PEP 810: Explicit lazy imports

We could special case LOAD_FAST but that can have performance implications and it will only be done to cover a very weird case (accessing the thing via globals) so we think this is the correct compromise for this edge case. I also suspect @markshannon will not be a fan if we mess with LOAD_FAST.

What you want the PEP to say? That accessing an arbitrary attribute on a PyLazyImportObject will trigger an error? I think we can say that but is a bit of a slippery slope: should we say all the ways doing things with a PyLazyImportObject can create errors?

Thanks @markshannon for your thoughtful comments. I suspect that everyone wants the same thing here.

I wonder if it would be more productive since Discourse is difficult (at least for me) to add your specific thoughts on the PEP itself as comments. It might reduce the cognitive load and help with misinterpretation of ideas.

2 Likes

It may be worth having an one of the examples in the reification section demonstrate that any access of any lazy object from a global variable - not just those directly from lazy import statements - will cause that object to reify.

Currently you have the example of resolved where you explicitly call .resolve()[1], although the result of the subsequent print statements would be the same without this call as the lookup of resolved for the print statement would reify.


  1. I assume that this has replaced .get() but that it hasn’t made it into the reference implementation yet. ↩︎

2 Likes

Thanks for the comment, this is a good suggestion. I will discuss this with the team since they are already concerned about the size of the PEP (with good reason) and the longer the PEP the harder is to evaluate and read. I still think this is net positive so I will try to make a case but please understand if we decided to not add it at the end.

2 Likes

I think “more complicated” and “creates more edge cases” are both essentially ways to say the same thing, no? Or at least getting at the same thing: we are trying to estimate the likely “blast radius” of the change, and the more complex something is the more ways that it can go wrong — hence more edge cases.

In this vein, I would like to argue that the global reference swapping approach feels dramatically less complicated to me than the object transformation approach. I am very used to references changing their values, that happens every time I reassign a variable. Objects mutating on the other hand, always feels dangerous because there’s a bunch of ways it can go wrong: if you don’t perfectly do it atomically, you may end up in weird intermediate states.
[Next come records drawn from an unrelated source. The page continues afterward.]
lemma card_up_step_ge_bottom_layer:
  assumes "finite B" "[] \<notin> B"
  shows "card B + card (up_step (bottom_layer B)) \<le> card (up_step B)"
proof -
  let ?U = "incr_at 0 ` B \<union> Cons 0 ` up_step (bottom_layer B)"
  have "hd (incr_at 0 b) \<noteq> 0" if "b \<in> B" for b
    using that assms(2) by (cases b) auto
  then have "incr_at 0 ` B \<inter> Cons 0 ` up_step (bottom_layer B) = {}" by fastforce
  then have "card B + card (up_step (bottom_layer B)) = card ?U"
    using finite_up_step[OF finite_bottom_layer[OF assms]] assms(1)
      inj_on_subset[OF inj_incr_at, of B 0]
    by (simp add: card_Un_disjoint card_image)
  also have "\<dots> \<le> card (up_step B)"
  proof (rule card_mono[OF finite_up_step[OF assms(1)]])
    have "incr_at 0 ` B \<subseteq> up_step B" using assms(2) by (force simp: up_step_def)
    moreover have "Cons 0 ` up_step (bottom_layer B) \<subseteq> up_step B"
    proof
      fix z assume "z \<in> Cons 0 ` up_step (bottom_layer B)"
      then consider c where "0 # c \<in> B" "z = 0 # c"
        | c i where "0 # c \<in> B" "i < length c" "z = incr_at (Suc i) (0 # c)"
        by (auto simp: up_step_def bottom_layer_def)
      then show "z \<in> up_step B" by cases (force simp: up_step_def)+
    qed
    ultimately show "?U \<subseteq> up_step B" by blast
  qed
  finally show ?thesis .
qed

text \<open>With \<open>x\<close> the size of the bottom layer and \<open>y\<close> that of \<open>shift_down B\<close>, compressedness
  gives \<open>y + inc_excess (Suc e) y \<le> card B = x + y\<close>, the hypothesis of \<open>inc_excess_add_le\<close>.\<close>
lemma card_up_step_ge_compressed:
  assumes IH_dim: "\<And>C. finite C \<Longrightarrow> \<forall>c\<in>C. length c = e \<Longrightarrow>
      card C + inc_excess e (card C) \<le> card (up_step C)"
    and IH_card: "\<And>C. finite C \<Longrightarrow> \<forall>c\<in>C. length c = Suc e \<Longrightarrow> card C < card B \<Longrightarrow>
      card C + inc_excess (Suc e) (card C) \<le> card (up_step C)"
    and B: "finite B" "\<forall>b\<in>B. length b = Suc e" "compressed B"
  shows "card B + inc_excess (Suc e) (card B) \<le> card (up_step B)"
proof (cases "B = {}")
  case False
  have Nil: "[] \<notin> B" using B(2) by auto
  let ?x = "card (bottom_layer B)" and ?y = "card (shift_down B)"
  have card_B: "card B = ?x + ?y" using card_bottom_layer_shift_down[OF B(1) Nil] .
  obtain h c where "h # c \<in> B" using False B(2) by (metis Suc_length_conv all_not_in_conv)
  then have "bottom_layer B \<noteq> {}" using bottom_layer_nonempty[OF B(3)] by blast
  then have "0 < ?x" using finite_bottom_layer[OF B(1) Nil] by (simp add: card_gt_0_iff)
  then have "?y + inc_excess (Suc e) ?y \<le> card (up_step (shift_down B))"
    using B(2) card_B by (intro IH_card finite_shift_down[OF B(1) Nil]) (auto simp: shift_down_def)
  also have "\<dots> \<le> card B"
    using up_step_shift_down_subset[OF B(3)] B(1) by (rule card_mono[rotated])
  finally have "inc_excess (Suc e) ?y \<le> ?x" using card_B by simp
  then have "inc_excess (Suc e) (card B) \<le> ?x + inc_excess e ?x"
    using inc_excess_add_le card_B by simp
  also have "\<dots> \<le> card (up_step (bottom_layer B))"
    using B(2) by (intro IH_dim finite_bottom_layer[OF B(1) Nil]) (auto simp: bottom_layer_def)
  finally show ?thesis using card_up_step_ge_bottom_layer[OF B(1) Nil] by simp
qed simp

theorem card_up_step_ge:
  "finite B \<Longrightarrow> \<forall>b\<in>B. length b = e \<Longrightarrow> card B + inc_excess e (card B) \<le> card (up_step B)"
proof (induction e arbitrary: B)
  case 0
  then have "up_step B = B" by (auto simp: up_step_def)
  then show ?case by simp
next
  case (Suc e)
  from Suc.prems show ?case
  proof (induction "(card B, \<Sum>b\<in>B. hd b)" arbitrary: B rule: less_induct)
    case less
    show ?case
    proof (cases "compressed B")
      case True
      show ?thesis
        using less.hyps by (intro card_up_step_ge_compressed[OF Suc.IH _ less.prems True]) auto
    next
      case False
      then obtain j h y where dir: "set_option j \<subseteq> {..<e}"
        and gap: "(Suc h, y) \<in> shear j ` B" "(h, y) \<notin> shear j ` B"
        using not_compressed_gap[OF less.prems(2)] by blast
      note compression = finite_compression length_compression card_compression
        card_up_step_compression_le sum_hd_compression_less
      have "card B + inc_excess (Suc e) (card B) \<le> card (up_step (compression j B))"
        using less.hyps[of "compression j B"] compression[OF less.prems dir] gap by simp
      then show ?thesis using compression(4)[OF less.prems dir] by simp
    qed
  qed
qed

section \<open>Gap vectors\<close>

text \<open>A \<open>d\<close>-subset \<open>u\<^sub>1 < \<dots> < u\<^sub>d\<close> of \<open>\<nat>\<close> is encoded by its gap vector
  \<open>(u\<^sub>1 - 1, u\<^sub>2 - u\<^sub>1 - 1, \<dots>, u\<^sub>d - u\<^sub>d\<^sub>-\<^sub>1 - 1)\<close>; an \<open>Inc\<^sub>1\<close> map then increases a single gap.\<close>
fun gap_set :: "nat list \<Rightarrow> nat set" where
  "gap_set [] = {}"
| "gap_set (t # c) = insert (Suc t) ((\<lambda>x. x + Suc t) ` gap_set c)"

lemma gap_set_pos: "x \<in> gap_set b \<Longrightarrow> 0 < x"
  by (induction b arbitrary: x) auto

lemma finite_gap_set [simp]: "finite (gap_set b)"
  by (induction b) auto

lemma card_gap_set [simp]: "card (gap_set b) = length b"
proof (induction b)
  case (Cons t c)
  have "Suc t \<notin> (\<lambda>x. x + Suc t) ` gap_set c" using gap_set_pos[of _ c] by force
  then show ?case using Cons by (simp add: card_image inj_on_def)
qed simp

lemma Min_gap_set: "gap_set (t # c) \<noteq> {} \<and> Min (gap_set (t # c)) = Suc t"
  by (auto intro: Min_eqI)

lemma inj_gap_set: "inj gap_set"
proof (rule injI)
  fix b b' :: "nat list" assume "gap_set b = gap_set b'"
  then show "b = b'"
  proof (induction b arbitrary: b')
    case Nil
    then show ?case using card_gap_set[of b'] by auto
  next
    case (Cons t c)
    then obtain t' c' where b': "b' = t' # c'" by (cases b') auto
    then have "t = t'" using Cons.prems Min_gap_set by (metis Suc_inject)
    have "Suc t \<notin> (\<lambda>x. x + Suc t) ` gap_set c" "Suc t \<notin> (\<lambda>x. x + Suc t) ` gap_set c'"
      using gap_set_pos by force+
    then have "(\<lambda>x. x + Suc t) ` gap_set c = (\<lambda>x. x + Suc t) ` gap_set c'"
      using Cons.prems b' \<open>t = t'\<close> by (simp add: insert_ident)
    then have "gap_set c = gap_set c'" by (simp add: inj_image_eq_iff inj_def)
    then show ?case using Cons.IH b' \<open>t = t'\<close> by simp
  qed
qed

lemma gap_set_surj: "finite u \<Longrightarrow> 0 \<notin> u \<Longrightarrow> \<exists>b. gap_set b = u"
proof (induction "card u" arbitrary: u)
  case 0
  then show ?case by (intro exI[of _ "[]"]) simp
next
  case (Suc n)
  define m where "m = Min u"
  have m: "m \<in> u" "\<And>x. x \<in> u - {m} \<Longrightarrow> m < x"
    using Suc by (auto simp: m_def intro: Min_in dual_order.not_eq_order_implies_strict)
  define u' where "u' = (\<lambda>x. x - m) ` (u - {m})"
  have "inj_on (\<lambda>x. x - m) (u - {m})" using m(2) by (force simp: inj_on_def)
  then have "n = card u'" using Suc.hyps(2) Suc.prems m(1) by (simp add: u'_def card_image)
  moreover have "0 \<notin> u'" using m(2) by (force simp: u'_def)
  moreover have "finite u'" using Suc.prems(1) by (simp add: u'_def)
  ultimately obtain c where c: "gap_set c = u'" using Suc.hyps(1) by blast
  obtain t where t: "m = Suc t" using m(1) Suc.prems(2) by (cases m) auto
  have "(\<lambda>x. x + m) ` u' = u - {m}"
    using m(2) by (force simp: u'_def image_image intro: rev_image_eqI)
  then have "gap_set (t # c) = u" using c t m(1) by auto
  then show ?case by blast
qed

definition skip :: "nat \<Rightarrow> nat \<Rightarrow> nat" where
  "skip k j = (if j < k then j else Suc j)"

lemma skip_Inc1: "skip k \<in> Inc1"
  unfolding Inc1_def skip_def by auto

lemma skip_less: "j < k \<Longrightarrow> skip k j = j"
  and skip_ge: "k \<le> j \<Longrightarrow> skip k j = Suc j"
  by (simp_all add: skip_def)

lemma skip_image_gap_set_Cons:
  assumes "Suc t \<le> k"
  shows "skip k ` gap_set (t # c)
           = insert (skip k (Suc t)) ((\<lambda>x. x + Suc t) ` skip (k - Suc t) ` gap_set c)"
  using assms by (auto simp: skip_def image_image intro!: image_cong)

lemma gap_set_incr_at:
  "i < length b \<Longrightarrow> \<exists>k\<ge>1. gap_set (incr_at i b) = skip k ` gap_set b"
proof (induction b arbitrary: i)
  case (Cons t c)
  show ?case
  proof (cases i)
    case 0
    have "skip 0 = Suc" by (simp add: skip_ge fun_eq_iff)
    then have "skip (Suc t) ` gap_set (t # c) = gap_set (incr_at i (t # c))"
      using 0 skip_image_gap_set_Cons[of t "Suc t" c] by (simp add: skip_ge image_image)
    then show ?thesis by (intro exI[of _ "Suc t"]) simp
  next
    case (Suc i')
    obtain k where k: "1 \<le> k" "gap_set (incr_at i' c) = skip k ` gap_set c"
      using Cons.IH[of i'] Cons.prems Suc by auto
    then have "skip (k + Suc t) ` gap_set (t # c) = gap_set (incr_at i (t # c))"
      using Suc skip_image_gap_set_Cons[of t "k + Suc t" c] by (simp add: skip_less)
    then show ?thesis using k(1) by (intro exI[of _ "k + Suc t"]) simp
  qed
qed simp

lemma gap_set_up_step: "gap_set ` up_step B \<subseteq> IncF (gap_set ` B)"
proof
  fix z assume "z \<in> gap_set ` up_step B"
  then consider b where "b \<in> B" "z = gap_set b"
    | b i where "b \<in> B" "i < length b" "z = gap_set (incr_at i b)"
    by (auto simp: up_step_def)
  then show "z \<in> IncF (gap_set ` B)"
  proof cases
    case 1
    have "(\<lambda>x. x) \<in> Inc1" by (simp add: Inc1_def)
    with 1 show ?thesis unfolding IncF_def by force
  next
    case 2
    then obtain k where "z = skip k ` gap_set b" using gap_set_incr_at by blast
    with 2 skip_Inc1 show ?thesis unfolding IncF_def by blast
  qed
qed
Objects changing class is a bird of a different feather altogether and feels unprecedented.

Honestly, though, discussions of which approach is more complex or creates more edge cases feels like it buries the lede here — if you are going to support lazy from imports (which I think we should), the transformation approach is unworkable, which means that the transformation approach is necessarily more complicated and creates more edge cases, because you end up needing to do both things, so you get all the downsides of the transformation approach when using modules, all the downsides of the reificiation approach when doing attribute imports, and then on top of that you have the added complexity and mental load coming from the fact that you have to deal with both at the same time (plus users will not understand that these two things will be using very diferent mechanisms).

11 Likes

In relation to something as simple as:

from stdlib_new_module import lazy_import, resolve_lazy_import

np = lazy_import('numpy')
print(type(np))    # LazyImport

def foo():
    # Will only use it once here
    a = np.array([])

def bar():
    # Will use it many times
    # So to not incur LazyImport (proxy) cost
    np = resolve_lazy_import(np)
    b = np.array([])
    c = np.array([])
    d = np.array([])
    e = np.array([])

what benefits does this offer?
(Not taking into account things that were done that are not implementation specific, such as filtering, etc)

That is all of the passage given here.